Re: Java Deserialization Vulnerability

Posted by Ryan Blue <bl...@tabular.io>.
Thanks, Steven. Do you think that there is a potential problem with an
attacker having access to where the state is stored and using that to
inject code? Is this something we should just update to avoid it entirely?

On Mon, Jul 19, 2021 at 3:43 PM Steven Wu <st...@gmail.com> wrote:

> I believe Flink source is the only place that uses Java serialization for
> checkpoint state: https://github.com/apache/iceberg/issues/1698.
>
>  @OpenInx <op...@gmail.com> already updated Flink sink to avoid the
> Java serialization (long time ago)
>
> On Mon, Jul 19, 2021 at 1:53 PM Jack Ye <ye...@gmail.com> wrote:
>
>> Yes I totally agree that the distributed system itself should make sure
>> the integrity of objects passing across nodes. I am more concerned about
>> the Flink case where some information is persisted and can be modified to
>> execute arbitrary code. Maybe people working on Flink can comment on this a
>> bit more.
>>
>> Also, this is dangerous from the perspective that I do not need to modify
>> any existing serialized object, but as long as I can communicate with the
>> node that tries to run the deserialization logic of incoming payload, it
>> will execute the code of getObject method even if the deserialization
>> itself fails. And I believe this is an issue not only for Java
>> serialization but also for Kryo serialization, basically any serialization
>> mechanisms that try to bypass using the public constructor.
>>
>> I am definitely not an expert on this, I only noticed this while adding
>> some features to Trino, where the community just completely avoids the use
>> of Java serialization for such a reason.

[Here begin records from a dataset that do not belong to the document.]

definition reg_mat :: "('a \<Rightarrow> 'a \<Rightarrow> real) \<Rightarrow> (nat \<Rightarrow> 'a) \<Rightarrow> nat \<Rightarrow> real \<Rightarrow> real mat" where
  "reg_mat K xs n lam = kernel_mat K xs n + lam \<cdot>\<^sub>m 1\<^sub>m n"

definition reg_interp ::
  "'a set \<Rightarrow> ('a \<Rightarrow> 'a \<Rightarrow> real) \<Rightarrow> (nat \<Rightarrow> 'a) \<Rightarrow> nat \<Rightarrow> real \<Rightarrow> ('a \<Rightarrow> real) \<Rightarrow> ('a \<Rightarrow> real)" where
  "reg_interp \<Omega> K xs n lam f =
     (let \<alpha> = (THE \<alpha>. \<alpha> \<in> carrier_vec n \<and> reg_mat K xs n lam *\<^sub>v \<alpha> = vec n (\<lambda>j. f (xs j)))
      in (\<lambda>y. \<Sum>j<n. \<alpha> $ j * kfun \<Omega> K (xs j) y))"

text \<open>Regularized power function (sup over the empty set taken as 0).\<close>
definition power_fun ::
  "'a set \<Rightarrow> ('a \<Rightarrow> 'a \<Rightarrow> real) \<Rightarrow> ('a \<Rightarrow> real) set \<Rightarrow> (('a \<Rightarrow> real) \<Rightarrow> ('a \<Rightarrow> real) \<Rightarrow> real)
    \<Rightarrow> (nat \<Rightarrow> 'a) \<Rightarrow> nat \<Rightarrow> real \<Rightarrow> 'a \<Rightarrow> real" where
  "power_fun \<Omega> K H ip xs n lam x =
     Sup (insert 0 {\<bar>f x - reg_interp \<Omega> K xs n lam f x\<bar> / hnorm ip f | f. f \<in> H \<and> f \<noteq> (\<lambda>y. 0)})"

definition cholesky :: "real mat \<Rightarrow> real mat" where
  "cholesky M = (THE L. L \<in> carrier_mat (dim_row M) (dim_row M) \<and>
      upper_triangular (transpose_mat L) \<and> (\<forall>i<dim_row M. L $$ (i, i) > 0) \<and>
      M = L * transpose_mat L)"

definition mat_inv :: "real mat \<Rightarrow> real mat" where
  "mat_inv B = (THE C. C \<in> carrier_mat (dim_row B) (dim_row B) \<and> inverts_mat B C \<and> inverts_mat C B)"

definition chol_v ::
  "'a set \<Rightarrow> ('a \<Rightarrow> 'a \<Rightarrow> real) \<Rightarrow> (nat \<Rightarrow> 'a) \<Rightarrow> nat \<Rightarrow> real \<Rightarrow> nat \<Rightarrow> ('a \<Rightarrow> real)" where
  "chol_v \<Omega> K xs n lam k =
     (let \<beta> = mat_inv (transpose_mat (cholesky (reg_mat K xs n lam)))
      in (\<lambda>y. \<Sum>j<n. \<beta> $$ (j, k) * kfun \<Omega> K (xs j) y))"

end

theory Submission
  imports Defs "Jordan_Normal_Form.Determinant"
begin

(* With beta beta^T = (A + lambda I)^{-1} and, by the reproducing property,
   (f, v_k)_H = sum_j beta_jk f(x_j), the regularized interpolant is the expansion
   s(f) = sum_k (f, v_k)_H v_k.  Hence f(x) - s(f)(x) = (f, g)_H for every f in H,
   where g = K(.,x) - s(K(.,x)); by Cauchy-Schwarz, with equality at f = g, the power
   function is the norm of g, and expanding (g, g)_H with s(K(.,x)) = sum_k v_k(x) v_k
   gives the formula.  The Cholesky factor comes from Gram-Schmidt orthonormalisation
   of the unit vectors in the inner product defined by A + lambda I, which is positive
   definite under either hypothesis on K and lambda. *)

section \<open>Cholesky factorisation of positive definite matrices\<close>

definition kronecker :: "nat \<Rightarrow> nat \<Rightarrow> real" where
  "kronecker i j = (if i = j then 1 else 0)"

definition mat_form :: "real mat \<Rightarrow> (nat \<Rightarrow> real) \<Rightarrow> (nat \<Rightarrow> real) \<Rightarrow> real" where
  "mat_form M c d = (\<Sum>i<dim_row M. \<Sum>j<dim_row M. c i * d j * M $$ (i, j))"

definition sym_pos_def_mat :: "real mat \<Rightarrow> bool" where
  "sym_pos_def_mat M \<longleftrightarrow> square_mat M \<and>
     (\<forall>i<dim_row M. \<forall>j<dim_row M. M $$ (i, j) = M $$ (j, i)) \<and>
     (\<forall>c. (\<exists>i<dim_row M. c i \<noteq> 0) \<longrightarrow> mat_form M c c > 0)"

lemma sum_kronecker_right [simp]:
  "(\<Sum>k\<in>I. a k * kronecker k l) = (if l \<in> I then a l else 0)" if "finite I"
proof -
  have "(\<Sum>k\<in>I. a k * kronecker k l) = (\<Sum>k\<in>I. if k = l then a k else 0)"
    by (rule sum.cong) (auto simp: kronecker_def)
  then show ?thesis using that by (simp add: sum.delta')
qed

lemma sum_kronecker_left [simp]:
  "(\<Sum>k\<in>I. kronecker l k * a k) = (if l \<in> I then a l else 0)" if "finite I"
proof -
  have "(\<Sum>k\<in>I. kronecker l k * a k) = (\<Sum>k\<in>I. if k = l then a k else 0)"
    by (rule sum.cong) (auto simp: kronecker_def)
  then show ?thesis using that by (simp add: sum.delta')
qed

lemma mat_form_sum_left:
  "finite I \<Longrightarrow> mat_form M (\<lambda>j. \<Sum>k\<in>I. a k * q k j) d = (\<Sum>k\<in>I. a k * mat_form M (q k) d)"
  unfolding mat_form_def
  by (simp add: sum_distrib_left sum_distrib_right mult.assoc mult.left_commute sum.swap[of _ I])

lemma mat_form_diff_left: "mat_form M (\<lambda>j. c j - d j) e = mat_form M c e - mat_form M d e"
  unfolding mat_form_def by (simp add: algebra_simps sum_subtractf)

lemma mat_form_add_left: "mat_form M (\<lambda>j. c j + d j) e = mat_form M c e + mat_form M d e"
  unfolding mat_form_def by (simp add: algebra_simps sum.distrib)

lemma mat_form_divide_left: "mat_form M (\<lambda>j. c j / a) e = mat_form M c e / a"
  unfolding mat_form_def by (simp add: sum_divide_distrib)

lemma mat_form_divide_right: "mat_form M e (\<lambda>j. c j / a) = mat_form M e c / a"
  unfolding mat_form_def by (simp add: sum_divide_distrib)

lemma mat_form_commute:
  "sym_pos_def_mat M \<Longrightarrow> mat_form M c d = mat_form M d c"
  unfolding mat_form_def sym_pos_def_mat_def
  by (subst sum.swap) (auto intro!: sum.cong simp: mult.commute)

lemma mat_form_kronecker:
  "i < dim_row M \<Longrightarrow> j < dim_row M \<Longrightarrow> mat_form M (kronecker i) (kronecker j) = M $$ (i, j)"
  unfolding mat_form_def by (simp add: mult.assoc flip: sum_distrib_left)

definition gram_schmidt_system :: "real mat \<Rightarrow> nat \<Rightarrow> (nat \<Rightarrow> nat \<Rightarrow> real) \<Rightarrow> bool" where
  "gram_schmidt_system M m q \<longleftrightarrow> (\<forall>k<m. \<forall>j>k. q k j = 0) \<and>
     (\<forall>k<m. \<forall>l<m. mat_form M (q k) (q l) = kronecker k l) \<and>
     (\<forall>i<m. kronecker i = (\<lambda>j. \<Sum>k\<le>i. mat_form M (kronecker i) (q k) * q k j)) \<and>
     (\<forall>i<m. mat_form M (kronecker i) (q i) > 0)"

lemma gram_schmidt_systemD:
  assumes "gram_schmidt_system M m q"
  shows "k < m \<Longrightarrow> k < j \<Longrightarrow> q k j = 0"
    and "k < m \<Longrightarrow> l < m \<Longrightarrow> mat_form M (q k) (q l) = kronecker k l"
    and "i < m \<Longrightarrow> kronecker i = (\<lambda>j. \<Sum>k\<le>i. mat_form M (kronecker i) (q k) * q k j)"
    and "i < m \<Longrightarrow> mat_form M (kronecker i) (q i) > 0"
  using assms unfolding gram_schmidt_system_def by blast+

lemma gram_schmidt_residual:
  assumes M: "sym_pos_def_mat M" and m: "m < dim_row M" and q: "gram_schmidt_system M m q"
  defines "r \<equiv> \<lambda>j. kronecker m j - (\<Sum>k<m. mat_form M (kronecker m) (q k) * q k j)"
  shows "mat_form M r r > 0" and "\<forall>l<m. mat_form M r (q l) = 0"
proof -
  have "r m = 1"
    using q by (simp add: gram_schmidt_system_def r_def kronecker_def)
  then show "mat_form M r r > 0"
    using M m unfolding sym_pos_def_mat_def by (metis one_neq_zero)
  show "\<forall>l<m. mat_form M r (q l) = 0"
    using q by (simp add: gram_schmidt_system_def r_def mat_form_diff_left mat_form_sum_left)
qed

lemma gram_schmidt_system_Suc:
  assumes M: "sym_pos_def_mat M" and m: "m < dim_row M" and q: "gram_schmidt_system M m q"
  shows "\<exists>q'. gram_schmidt_system M (Suc m) q'"
proof -
  define a where "a k = mat_form M (kronecker m) (q k)" for k
  define r where "r j = kronecker m j - (\<Sum>k<m. a k * q k j)" for j
  have rr: "mat_form M r r > 0" and rq: "\<forall>l<m. mat_form M r (q l) = 0"
    using gram_schmidt_residual[OF M m q] unfolding r_def[abs_def] a_def by auto
  define s where "s = sqrt (mat_form M r r)"
  have s: "s > 0" "s * s = mat_form M r r" using rr by (simp_all add: s_def)
  define q' where "q' = q(m := (\<lambda>j. r j / s))"
  have q'm_q'm: "mat_form M (q' m) (q' m) = 1"
    using s by (simp add: q'_def mat_form_divide_left mat_form_divide_right flip: s(2))
  have q'm_q: "mat_form M (q' m) (q l) = 0" "mat_form M (q l) (q' m) = 0" if "l < m" for l
    using rq that mat_form_commute[OF M, of "q l"]
    by (simp_all add: q'_def mat_form_divide_left)
  have "kronecker m = (\<lambda>j. r j + (\<Sum>k<m. a k * q k j))" by (simp add: r_def)
  then have kronecker_q'm: "mat_form M (kronecker m) (q' m) = s"
    using q'm_q(2) s
    by (simp add: mat_form_add_left mat_form_sum_left q'_def mat_form_divide_right flip: s(2))
  have "gram_schmidt_system M (Suc m) q'"
    unfolding gram_schmidt_system_def
  proof (intro conjI allI impI)
    fix k j assume "k < Suc m" "k < j"
    then show "q' k j = 0"
      using q by (cases "k = m") (auto simp: gram_schmidt_system_def q'_def r_def kronecker_def)
  next
    fix k l assume "k < Suc m" "l < Suc m"
    then show "mat_form M (q' k) (q' l) = kronecker k l"
      using q q'm_q'm q'm_q
      by (cases "k = m"; cases "l = m") (auto simp: gram_schmidt_system_def q'_def kronecker_def)
  next
    fix i assume "i < Suc m"
    then show "kronecker i = (\<lambda>j. \<Sum>k\<le>i. mat_form M (kronecker i) (q' k) * q' k j)"
      using q kronecker_q'm s(1)
      by (cases "i = m")
        (simp_all add: gram_schmidt_system_def r_def a_def q'_def lessThan_Suc_atMost[symmetric])
  next
    fix i assume "i < Suc m"
    then show "mat_form M (kronecker i) (q' i) > 0"
      using q kronecker_q'm s(1) by (cases "i = m") (auto simp: gram_schmidt_system_def q'_def)
  qed
  then show ?thesis by blast
qed

lemma gram_schmidt_system_exists:
  "sym_pos_def_mat M \<Longrightarrow> m \<le> dim_row M \<Longrightarrow> \<exists>q. gram_schmidt_system M m q"
proof (induction m)
  case 0
  then show ?case by (simp add: gram_schmidt_system_def)
next
  case (Suc m)
  then have "m < dim_row M" by simp
  moreover obtain q where "gram_schmidt_system M m q"
    using Suc calculation by auto
  ultimately show ?case using gram_schmidt_system_Suc[OF Suc.prems(1)] by blast
qed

I think some actions are needed
>> here:
>> 1. make sure we fully understand the implication of our decision to use
>> Java serialization, some warnings are likely needed for organizations that
>> tries to adopt Iceberg to their own compute
>> 2. introduce some mechanisms to allow only trusted classes to be
>> deserialized, which I saw was done to fix some attacks like
>> https://nvd.nist.gov/vuln/detail/CVE-2020-5413 for Kryo. I will explore
>> the possibility to at least leverage the ValidatingObjectInputStream.
>> 3. maybe allow some currently protected class constructors to be public,
>> so that engines at least have the option to have their own deserialization
>> mechanism when such an attack cannot be fully mitigated on the engine's
>> side.
>>
>> -Jack
>>
>>
>> On Mon, Jul 19, 2021 at 10:56 AM Ryan Blue <bl...@tabular.io> wrote:
>>
>>> Jack,
>>>
>>> I might be incorrect here, but I'll at least throw out some thoughts. If
>>> I understand correctly, the attacker requires access to modify some
>>> serialized object so that deserialization leads to arbitrary code
>>> execution. I think that the best way to protect against that is to avoid
>>> making it possible for an attacker to modify serialized bytes.
>>>
>>> To my knowledge, Java serialization is used in two places: first, to
>>> serialize objects between nodes, like sending a task to a Spark executor,
>>> and second, to serialize some persistent state in Flink. Iceberg does not
>>> use Java serialization for anything in the format or long-term storage. For
>>> the first case, I think that it is up to the distributed system passing
>>> objects between nodes to secure the content, like using TLS for connections
>>> between nodes. Since Java serialization is used by the processing engine,
>>> there isn't much Iceberg could do to change this and we have to rely on
>>> Spark or Flink.
>>>
>>> For the second issue, I think our use of Java serialization to store
>>> state is very limited, but we should take a look to make sure. I think this
>>> is one area where Iceberg made the choice to use Java serialization, so we
>>> should look into it and fix it if possible... although I'm not entirely
>>> sure how to avoid swapping out the state that gets loaded.
>>>
>>> Ryan
>>>
>>> On Sat, Jul 17, 2021 at 2:02 AM Jack Ye <ye...@gmail.com> wrote:
>>>
>>>> Hi everyone,
>>>>
>>>> We use Java serialization and deserialization a lot in Iceberg. I
>>>> wonder if we have considered the potential of Java deserialization attack,
>>>> where an attacker can replace serialized bytes to execute arbitrary code
>>>> through the readObject method.
>>>>
>>>> Currently our SerializationUtil.deserializeFromBytes directly converts
>>>> bytes to an ObjectInputStream. I know Apache commons have
>>>> ValidatingObjectInputStream which can prevent the issue to some extent.
>>>>
>>>> Have we thought about this issue in the past? Are there any other
>>>> suggestions?
>>>>
>>>> Best,
>>>> Jack Ye
>>>>
>>>
>>>
>>> --
>>> Ryan Blue
>>> Tabular
>>>
>>

-- 
Ryan Blue
Tabular

Re: Java Deserialization Vulnerability

Posted by Steven Wu <st...@gmail.com>.
I believe Flink source is the only place that uses Java serialization for
checkpoint state: https://github.com/apache/iceberg/issues/1698.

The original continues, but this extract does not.